++++ Listed records ++++
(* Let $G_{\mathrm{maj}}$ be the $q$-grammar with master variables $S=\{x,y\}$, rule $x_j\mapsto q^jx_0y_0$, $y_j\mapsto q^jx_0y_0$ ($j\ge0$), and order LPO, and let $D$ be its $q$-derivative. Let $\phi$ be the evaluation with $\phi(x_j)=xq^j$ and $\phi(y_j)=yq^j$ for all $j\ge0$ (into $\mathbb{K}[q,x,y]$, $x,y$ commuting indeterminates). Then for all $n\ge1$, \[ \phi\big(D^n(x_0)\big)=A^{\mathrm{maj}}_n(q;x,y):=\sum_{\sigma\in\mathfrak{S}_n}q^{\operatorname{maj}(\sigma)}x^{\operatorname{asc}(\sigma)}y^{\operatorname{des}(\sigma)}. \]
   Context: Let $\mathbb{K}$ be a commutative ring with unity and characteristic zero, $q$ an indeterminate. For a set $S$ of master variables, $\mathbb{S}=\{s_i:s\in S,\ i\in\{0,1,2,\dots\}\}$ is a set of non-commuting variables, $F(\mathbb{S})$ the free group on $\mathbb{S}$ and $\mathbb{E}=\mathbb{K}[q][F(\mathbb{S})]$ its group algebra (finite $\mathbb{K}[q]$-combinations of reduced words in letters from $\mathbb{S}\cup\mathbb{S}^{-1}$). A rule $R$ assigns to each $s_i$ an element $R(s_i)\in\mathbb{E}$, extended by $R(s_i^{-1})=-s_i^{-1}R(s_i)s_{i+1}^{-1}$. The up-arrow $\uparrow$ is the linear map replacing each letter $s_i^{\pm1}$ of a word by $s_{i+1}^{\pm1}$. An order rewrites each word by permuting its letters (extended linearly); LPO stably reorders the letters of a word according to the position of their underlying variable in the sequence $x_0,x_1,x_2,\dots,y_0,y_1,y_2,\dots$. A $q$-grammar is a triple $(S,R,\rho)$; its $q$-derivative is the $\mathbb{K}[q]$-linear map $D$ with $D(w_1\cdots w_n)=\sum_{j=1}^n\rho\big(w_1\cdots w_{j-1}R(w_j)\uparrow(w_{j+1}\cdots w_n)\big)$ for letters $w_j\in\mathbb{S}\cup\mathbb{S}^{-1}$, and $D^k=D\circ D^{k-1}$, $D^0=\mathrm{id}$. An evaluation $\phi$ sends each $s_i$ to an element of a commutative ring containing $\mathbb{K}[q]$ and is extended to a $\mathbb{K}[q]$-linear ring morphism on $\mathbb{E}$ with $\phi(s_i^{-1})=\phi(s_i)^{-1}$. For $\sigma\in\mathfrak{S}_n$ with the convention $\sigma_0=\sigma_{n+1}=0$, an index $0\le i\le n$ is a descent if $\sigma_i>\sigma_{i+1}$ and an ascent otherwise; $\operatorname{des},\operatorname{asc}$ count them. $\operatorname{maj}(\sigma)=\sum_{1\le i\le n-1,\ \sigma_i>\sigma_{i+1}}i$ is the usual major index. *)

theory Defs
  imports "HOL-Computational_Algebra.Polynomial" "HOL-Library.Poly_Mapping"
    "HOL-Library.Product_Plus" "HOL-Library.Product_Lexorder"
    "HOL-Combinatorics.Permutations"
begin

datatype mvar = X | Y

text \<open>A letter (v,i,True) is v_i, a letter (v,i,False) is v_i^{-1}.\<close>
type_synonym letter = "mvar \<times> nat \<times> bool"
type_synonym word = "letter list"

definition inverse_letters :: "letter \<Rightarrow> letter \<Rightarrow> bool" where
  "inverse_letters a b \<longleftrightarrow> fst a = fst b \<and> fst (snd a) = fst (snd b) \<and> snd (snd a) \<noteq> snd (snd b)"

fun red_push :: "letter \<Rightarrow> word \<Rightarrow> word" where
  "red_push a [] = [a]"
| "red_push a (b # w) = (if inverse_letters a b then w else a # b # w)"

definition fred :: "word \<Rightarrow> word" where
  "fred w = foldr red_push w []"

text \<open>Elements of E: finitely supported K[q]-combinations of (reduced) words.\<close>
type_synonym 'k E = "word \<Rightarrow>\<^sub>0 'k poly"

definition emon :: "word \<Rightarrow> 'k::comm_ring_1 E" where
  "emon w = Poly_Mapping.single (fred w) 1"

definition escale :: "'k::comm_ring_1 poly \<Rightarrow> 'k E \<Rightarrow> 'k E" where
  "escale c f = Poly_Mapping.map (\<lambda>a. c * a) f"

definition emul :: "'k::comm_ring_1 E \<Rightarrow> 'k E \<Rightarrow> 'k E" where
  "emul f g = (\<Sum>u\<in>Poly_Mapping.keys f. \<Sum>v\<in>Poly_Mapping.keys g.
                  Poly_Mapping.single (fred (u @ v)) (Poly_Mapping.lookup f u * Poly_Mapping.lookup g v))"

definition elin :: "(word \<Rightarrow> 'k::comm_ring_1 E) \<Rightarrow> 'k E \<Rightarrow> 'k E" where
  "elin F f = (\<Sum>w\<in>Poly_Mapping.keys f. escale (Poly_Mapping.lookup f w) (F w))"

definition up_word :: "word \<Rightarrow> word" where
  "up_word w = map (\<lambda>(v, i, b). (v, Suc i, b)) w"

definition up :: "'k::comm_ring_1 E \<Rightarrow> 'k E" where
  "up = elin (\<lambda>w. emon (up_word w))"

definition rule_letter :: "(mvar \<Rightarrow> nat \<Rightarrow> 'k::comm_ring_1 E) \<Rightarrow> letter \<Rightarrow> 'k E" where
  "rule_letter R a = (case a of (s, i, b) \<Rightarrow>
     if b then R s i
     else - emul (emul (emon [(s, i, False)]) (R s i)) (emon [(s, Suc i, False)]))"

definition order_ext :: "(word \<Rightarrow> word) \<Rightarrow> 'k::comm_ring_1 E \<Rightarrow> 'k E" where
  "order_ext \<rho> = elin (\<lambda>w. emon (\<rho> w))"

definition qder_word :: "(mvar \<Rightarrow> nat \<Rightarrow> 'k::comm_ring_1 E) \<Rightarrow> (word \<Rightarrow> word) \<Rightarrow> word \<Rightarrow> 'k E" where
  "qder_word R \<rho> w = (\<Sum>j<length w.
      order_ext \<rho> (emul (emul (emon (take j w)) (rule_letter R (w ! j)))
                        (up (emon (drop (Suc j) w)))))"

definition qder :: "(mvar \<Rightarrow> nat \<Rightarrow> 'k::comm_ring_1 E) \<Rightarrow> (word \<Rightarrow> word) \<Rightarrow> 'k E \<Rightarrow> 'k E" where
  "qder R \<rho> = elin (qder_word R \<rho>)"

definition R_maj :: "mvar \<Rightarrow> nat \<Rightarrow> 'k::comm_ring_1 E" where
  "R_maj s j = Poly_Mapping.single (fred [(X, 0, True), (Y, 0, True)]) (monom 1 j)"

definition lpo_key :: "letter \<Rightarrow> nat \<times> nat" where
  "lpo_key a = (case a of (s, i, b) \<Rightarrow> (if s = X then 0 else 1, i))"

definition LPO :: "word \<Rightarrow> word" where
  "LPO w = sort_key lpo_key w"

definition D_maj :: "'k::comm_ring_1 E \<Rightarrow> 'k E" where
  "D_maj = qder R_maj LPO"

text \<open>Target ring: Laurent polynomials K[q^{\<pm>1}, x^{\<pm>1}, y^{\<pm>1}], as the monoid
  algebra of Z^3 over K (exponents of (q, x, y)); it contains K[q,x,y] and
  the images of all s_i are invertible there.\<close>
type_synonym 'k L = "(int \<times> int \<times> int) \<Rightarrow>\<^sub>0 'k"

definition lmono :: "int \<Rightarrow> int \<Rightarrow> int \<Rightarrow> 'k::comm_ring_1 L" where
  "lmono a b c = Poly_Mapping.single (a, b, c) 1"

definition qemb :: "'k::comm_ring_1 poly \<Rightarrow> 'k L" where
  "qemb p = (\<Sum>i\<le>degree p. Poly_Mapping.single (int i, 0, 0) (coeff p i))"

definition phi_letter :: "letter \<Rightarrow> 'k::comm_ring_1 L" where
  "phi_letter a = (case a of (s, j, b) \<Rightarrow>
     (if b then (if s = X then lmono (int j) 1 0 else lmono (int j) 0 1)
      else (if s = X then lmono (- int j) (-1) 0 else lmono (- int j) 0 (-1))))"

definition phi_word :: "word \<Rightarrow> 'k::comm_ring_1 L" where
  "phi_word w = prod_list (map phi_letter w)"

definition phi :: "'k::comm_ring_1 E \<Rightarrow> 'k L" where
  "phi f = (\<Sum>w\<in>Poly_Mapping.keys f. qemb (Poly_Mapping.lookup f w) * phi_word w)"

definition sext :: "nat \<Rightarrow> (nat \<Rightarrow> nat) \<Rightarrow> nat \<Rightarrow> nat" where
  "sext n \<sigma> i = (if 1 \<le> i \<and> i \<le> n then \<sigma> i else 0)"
++++
++++ Listed records ++++
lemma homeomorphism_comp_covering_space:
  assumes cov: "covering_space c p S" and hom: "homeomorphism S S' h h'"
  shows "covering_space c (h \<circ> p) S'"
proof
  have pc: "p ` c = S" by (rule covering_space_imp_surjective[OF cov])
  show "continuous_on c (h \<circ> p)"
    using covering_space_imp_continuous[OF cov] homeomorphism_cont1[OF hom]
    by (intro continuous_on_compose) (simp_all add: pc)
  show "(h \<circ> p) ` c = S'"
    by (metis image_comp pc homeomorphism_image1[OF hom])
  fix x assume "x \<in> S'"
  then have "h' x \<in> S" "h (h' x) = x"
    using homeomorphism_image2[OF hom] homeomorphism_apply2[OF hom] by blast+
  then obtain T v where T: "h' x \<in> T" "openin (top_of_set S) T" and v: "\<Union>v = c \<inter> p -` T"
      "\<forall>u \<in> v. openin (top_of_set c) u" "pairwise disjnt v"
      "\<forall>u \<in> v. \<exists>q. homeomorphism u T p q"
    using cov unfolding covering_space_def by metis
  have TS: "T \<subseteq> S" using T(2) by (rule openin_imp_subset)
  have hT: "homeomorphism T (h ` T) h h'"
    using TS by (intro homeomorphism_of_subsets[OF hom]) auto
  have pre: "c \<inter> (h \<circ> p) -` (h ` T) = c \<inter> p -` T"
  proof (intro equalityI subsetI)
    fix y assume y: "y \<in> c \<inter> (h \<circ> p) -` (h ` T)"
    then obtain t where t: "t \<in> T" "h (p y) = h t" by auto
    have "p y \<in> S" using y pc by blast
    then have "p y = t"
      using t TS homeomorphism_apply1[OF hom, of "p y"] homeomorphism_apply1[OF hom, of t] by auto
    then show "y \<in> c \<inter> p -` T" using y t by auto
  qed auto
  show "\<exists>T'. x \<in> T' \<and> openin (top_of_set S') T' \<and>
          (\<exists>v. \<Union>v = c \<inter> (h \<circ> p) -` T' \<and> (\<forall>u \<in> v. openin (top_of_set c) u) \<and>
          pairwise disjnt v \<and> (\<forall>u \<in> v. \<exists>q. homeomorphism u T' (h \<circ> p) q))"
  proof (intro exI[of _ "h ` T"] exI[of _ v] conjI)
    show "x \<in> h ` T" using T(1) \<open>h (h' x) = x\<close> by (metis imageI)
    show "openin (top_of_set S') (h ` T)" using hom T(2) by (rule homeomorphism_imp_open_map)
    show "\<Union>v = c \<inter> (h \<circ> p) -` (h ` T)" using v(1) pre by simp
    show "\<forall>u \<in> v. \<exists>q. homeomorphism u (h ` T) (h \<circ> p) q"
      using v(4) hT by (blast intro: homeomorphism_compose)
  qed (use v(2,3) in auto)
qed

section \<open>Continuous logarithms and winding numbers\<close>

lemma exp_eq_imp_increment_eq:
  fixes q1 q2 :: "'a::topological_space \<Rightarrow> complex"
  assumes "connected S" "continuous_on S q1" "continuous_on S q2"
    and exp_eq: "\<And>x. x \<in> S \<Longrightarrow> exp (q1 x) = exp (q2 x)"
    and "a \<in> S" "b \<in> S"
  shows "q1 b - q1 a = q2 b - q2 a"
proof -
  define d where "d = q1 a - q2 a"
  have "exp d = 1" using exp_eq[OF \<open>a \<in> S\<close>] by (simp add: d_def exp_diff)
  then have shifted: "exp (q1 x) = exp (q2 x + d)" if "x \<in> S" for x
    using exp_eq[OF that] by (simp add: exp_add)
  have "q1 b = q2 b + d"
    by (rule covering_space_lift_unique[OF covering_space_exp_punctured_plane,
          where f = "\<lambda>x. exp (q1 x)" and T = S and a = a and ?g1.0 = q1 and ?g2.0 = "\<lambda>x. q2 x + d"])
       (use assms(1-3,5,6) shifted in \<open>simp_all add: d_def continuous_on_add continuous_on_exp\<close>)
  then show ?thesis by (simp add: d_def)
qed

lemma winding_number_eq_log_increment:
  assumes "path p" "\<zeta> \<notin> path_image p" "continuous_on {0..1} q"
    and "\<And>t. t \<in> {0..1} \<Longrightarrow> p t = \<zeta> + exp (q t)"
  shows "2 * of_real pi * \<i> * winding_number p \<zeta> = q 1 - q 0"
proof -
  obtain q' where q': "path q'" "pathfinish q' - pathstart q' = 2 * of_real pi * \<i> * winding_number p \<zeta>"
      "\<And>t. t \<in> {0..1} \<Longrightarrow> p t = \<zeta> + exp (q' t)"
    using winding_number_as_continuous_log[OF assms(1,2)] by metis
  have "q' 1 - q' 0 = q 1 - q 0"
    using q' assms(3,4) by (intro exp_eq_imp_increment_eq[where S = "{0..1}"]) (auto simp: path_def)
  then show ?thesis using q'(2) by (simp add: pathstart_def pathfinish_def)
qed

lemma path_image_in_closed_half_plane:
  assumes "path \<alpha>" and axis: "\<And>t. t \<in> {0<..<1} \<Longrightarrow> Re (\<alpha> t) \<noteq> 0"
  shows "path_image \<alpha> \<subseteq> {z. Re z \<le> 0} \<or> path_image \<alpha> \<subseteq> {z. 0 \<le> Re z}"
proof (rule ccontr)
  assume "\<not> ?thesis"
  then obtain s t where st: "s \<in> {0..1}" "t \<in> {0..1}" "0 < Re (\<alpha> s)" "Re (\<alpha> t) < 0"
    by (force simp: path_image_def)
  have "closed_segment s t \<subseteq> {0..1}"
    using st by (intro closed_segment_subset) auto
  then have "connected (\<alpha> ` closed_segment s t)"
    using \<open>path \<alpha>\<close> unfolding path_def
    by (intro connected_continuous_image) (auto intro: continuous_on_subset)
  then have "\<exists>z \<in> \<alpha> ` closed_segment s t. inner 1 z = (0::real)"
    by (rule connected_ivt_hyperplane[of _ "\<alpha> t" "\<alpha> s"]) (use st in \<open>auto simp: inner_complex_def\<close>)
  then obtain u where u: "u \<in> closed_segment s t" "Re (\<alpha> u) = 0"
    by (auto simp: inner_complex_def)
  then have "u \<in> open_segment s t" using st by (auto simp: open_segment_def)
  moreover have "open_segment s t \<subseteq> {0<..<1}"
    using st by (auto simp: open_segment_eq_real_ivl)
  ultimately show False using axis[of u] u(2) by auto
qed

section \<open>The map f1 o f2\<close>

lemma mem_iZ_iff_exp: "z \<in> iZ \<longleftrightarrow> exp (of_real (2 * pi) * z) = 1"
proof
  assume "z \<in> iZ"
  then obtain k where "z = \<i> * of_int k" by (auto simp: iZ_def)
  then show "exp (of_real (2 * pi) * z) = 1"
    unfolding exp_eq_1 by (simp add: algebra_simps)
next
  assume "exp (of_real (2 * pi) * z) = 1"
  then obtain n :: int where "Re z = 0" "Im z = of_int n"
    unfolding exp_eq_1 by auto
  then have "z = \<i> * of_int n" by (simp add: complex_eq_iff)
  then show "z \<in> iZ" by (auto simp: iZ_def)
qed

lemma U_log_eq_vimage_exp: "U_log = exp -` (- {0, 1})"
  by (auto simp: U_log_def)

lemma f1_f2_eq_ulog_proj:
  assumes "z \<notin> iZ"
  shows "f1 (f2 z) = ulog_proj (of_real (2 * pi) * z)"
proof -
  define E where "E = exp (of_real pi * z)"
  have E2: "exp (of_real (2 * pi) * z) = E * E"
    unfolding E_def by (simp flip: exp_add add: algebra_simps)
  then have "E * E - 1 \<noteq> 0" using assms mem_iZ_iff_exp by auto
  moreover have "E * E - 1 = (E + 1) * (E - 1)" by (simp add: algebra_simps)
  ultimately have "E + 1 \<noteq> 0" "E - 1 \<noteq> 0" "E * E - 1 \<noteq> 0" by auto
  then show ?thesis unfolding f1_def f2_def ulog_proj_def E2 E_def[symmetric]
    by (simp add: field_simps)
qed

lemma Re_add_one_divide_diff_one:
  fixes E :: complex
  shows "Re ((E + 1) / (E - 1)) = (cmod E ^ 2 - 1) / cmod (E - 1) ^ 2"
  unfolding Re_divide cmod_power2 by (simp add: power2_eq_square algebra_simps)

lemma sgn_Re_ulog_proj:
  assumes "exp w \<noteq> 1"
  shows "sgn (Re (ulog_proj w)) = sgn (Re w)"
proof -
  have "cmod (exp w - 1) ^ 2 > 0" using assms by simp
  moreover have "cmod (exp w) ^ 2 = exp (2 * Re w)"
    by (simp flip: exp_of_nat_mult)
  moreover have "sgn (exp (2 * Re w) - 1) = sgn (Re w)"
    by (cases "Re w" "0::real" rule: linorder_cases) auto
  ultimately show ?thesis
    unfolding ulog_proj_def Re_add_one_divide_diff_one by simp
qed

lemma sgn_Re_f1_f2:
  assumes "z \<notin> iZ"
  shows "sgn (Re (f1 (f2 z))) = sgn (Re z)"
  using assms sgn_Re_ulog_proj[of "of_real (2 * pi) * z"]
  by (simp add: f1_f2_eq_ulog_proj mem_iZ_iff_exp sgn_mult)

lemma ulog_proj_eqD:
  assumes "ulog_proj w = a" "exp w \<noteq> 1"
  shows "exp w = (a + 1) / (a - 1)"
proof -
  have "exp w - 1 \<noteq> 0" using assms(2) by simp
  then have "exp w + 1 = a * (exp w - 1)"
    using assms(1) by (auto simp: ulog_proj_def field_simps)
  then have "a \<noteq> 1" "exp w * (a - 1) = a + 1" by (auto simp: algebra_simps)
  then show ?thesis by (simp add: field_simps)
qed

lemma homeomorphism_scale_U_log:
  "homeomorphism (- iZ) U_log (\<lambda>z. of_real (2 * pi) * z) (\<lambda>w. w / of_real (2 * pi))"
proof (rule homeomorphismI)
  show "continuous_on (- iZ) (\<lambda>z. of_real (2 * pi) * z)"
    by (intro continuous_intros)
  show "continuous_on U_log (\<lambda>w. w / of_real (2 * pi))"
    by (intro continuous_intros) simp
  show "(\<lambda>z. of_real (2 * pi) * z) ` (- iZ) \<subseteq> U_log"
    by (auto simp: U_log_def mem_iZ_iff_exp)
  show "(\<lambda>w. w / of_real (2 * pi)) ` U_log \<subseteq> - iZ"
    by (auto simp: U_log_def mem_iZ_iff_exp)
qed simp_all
++++
* What to do *
With the line holding "type_synonym 'k E" as the first and the line holding "E \<Rightarrow> 'k E \<Rightarrow>" as the last, please transcribe exactly the lines of the material above in that range and nothing else.

* Reply to the task *
type_synonym 'k E = "word \<Rightarrow>\<^sub>0 'k poly"

definition emon :: "word \<Rightarrow> 'k::comm_ring_1 E" where
  "emon w = Poly_Mapping.single (fred w) 1"

definition escale :: "'k::comm_ring_1 poly \<Rightarrow> 'k E \<Rightarrow> 'k E" where
  "escale c f = Poly_Mapping.map (\<lambda>a. c * a) f"

definition emul :: "'k::comm_ring_1 E \<Rightarrow> 'k E \<Rightarrow> 'k E" where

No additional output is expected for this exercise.